*** Opening Supplied entries ***

text \<open>The Hessian of \<open>c = u\<^sup>k w\<^sub>k\<close> is symmetric. The terms with \<open>\<partial>\<^sub>j u\<^sub>i\<close> and \<open>\<partial>\<^sub>j w\<^sub>i\<close>
  drop out, since the 1-forms \<open>u\<^sub>i\<close> and \<open>w\<^sub>i\<close> are closed (\<open>\<nabla>\<^sub>i u\<^sub>j\<close> is symmetric).\<close>
lemma torse_forming_gprod_integrability:
  assumes su: "smooth_vf_on U u" and sw: "smooth_vf_on U w"
    and sphi: "smooth_on U phi" and slam: "smooth_on U lam"
    and tfu: "\<forall>y\<in>U. torse_forming g u phi y" and tfw: "\<forall>y\<in>U. torse_forming g w lam y"
    and x: "x \<in> U"
  defines "c \<equiv> gprod g u w x" and "P \<equiv> grad (gprod g u w) x"
    and "a \<equiv> grad lam x" and "b \<equiv> grad phi x"
    and "uc \<equiv> covector g u x" and "wc \<equiv> covector g w x"
  shows "b$j * (c * uc$i + wc$i) + phi x * P$j * uc$i + a$j * (c * wc$i + uc$i) + lam x * P$j * wc$i
       = b$i * (c * uc$j + wc$j) + phi x * P$i * uc$j + a$i * (c * wc$j + uc$j)
           + lam x * P$i * wc$j"
proof -
  have d: "phi differentiable (at x)" "lam differentiable (at x)"
      "gprod g u w differentiable (at x)"
      "(\<lambda>z. lower g u z i) differentiable (at x)" "(\<lambda>z. lower g w z i) differentiable (at x)" for i
    using smooth_on_differentiable_at[OF open_U _ x] sphi slam gprod_smooth[OF su sw]
      lower_differentiable[OF su x] lower_differentiable[OF sw x] by blast+
  have hessian: "partial j (partial i (gprod g u w)) x
      = b$j * (c * uc$i + wc$i) + a$j * (c * wc$i + uc$i)
        + phi x * (P$j * uc$i + c * partial j (\<lambda>z. lower g u z i) x
            + partial j (\<lambda>z. lower g w z i) x)
        + lam x * (P$j * wc$i + c * partial j (\<lambda>z. lower g w z i) x
            + partial j (\<lambda>z. lower g u z i) x)"
    for i j
  proof -
    have "partial j (partial i (gprod g u w)) x
        = partial j (\<lambda>z. phi z * (gprod g u w z * lower g u z i + lower g w z i)
            + lam z * (gprod g u w z * lower g w z i + lower g u z i)) x"
      using tfu tfw by (intro partial_cong[OF open_U x] partial_gprod_torse_forming[OF su sw]) auto
    then show ?thesis using d
      by (simp add: partial_add partial_mult c_def P_def a_def b_def uc_def wc_def grad_def
          covector_def algebra_simps)
  qed
  have "partial j (partial i (gprod g u w)) x = partial i (partial j (gprod g u w)) x"
    by (rule partial_commute_C2[OF open_U x smooth_on_imp_C2[OF gprod_smooth[OF su sw]]])
  moreover have "partial j (\<lambda>z. lower g u z i) x = partial i (\<lambda>z. lower g u z j) x"
      "partial j (\<lambda>z. lower g w z i) x = partial i (\<lambda>z. lower g w z j) x"
    using partial_lower_sym_torse_forming[OF x] tfu tfw x by blast+
  ultimately show ?thesis unfolding hessian by (simp add: algebra_simps)
qed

*** Closing Supplied entries ***

• _Work instructions_
Report each line of the listing above that uses the word "have".

• _Answer to the problem_
  have d: "phi differentiable (at x)" "lam differentiable (at x)"
  have hessian: "partial j (partial i (gprod g u w)) x
    have "partial j (partial i (gprod g u w)) x
  have "partial j (partial i (gprod g u w)) x = partial i (partial j (gprod g u w)) x"
  moreover have "partial j (\<lambda>z. lower g u z i) x = partial i (\<lambda>z. lower g u z j) x"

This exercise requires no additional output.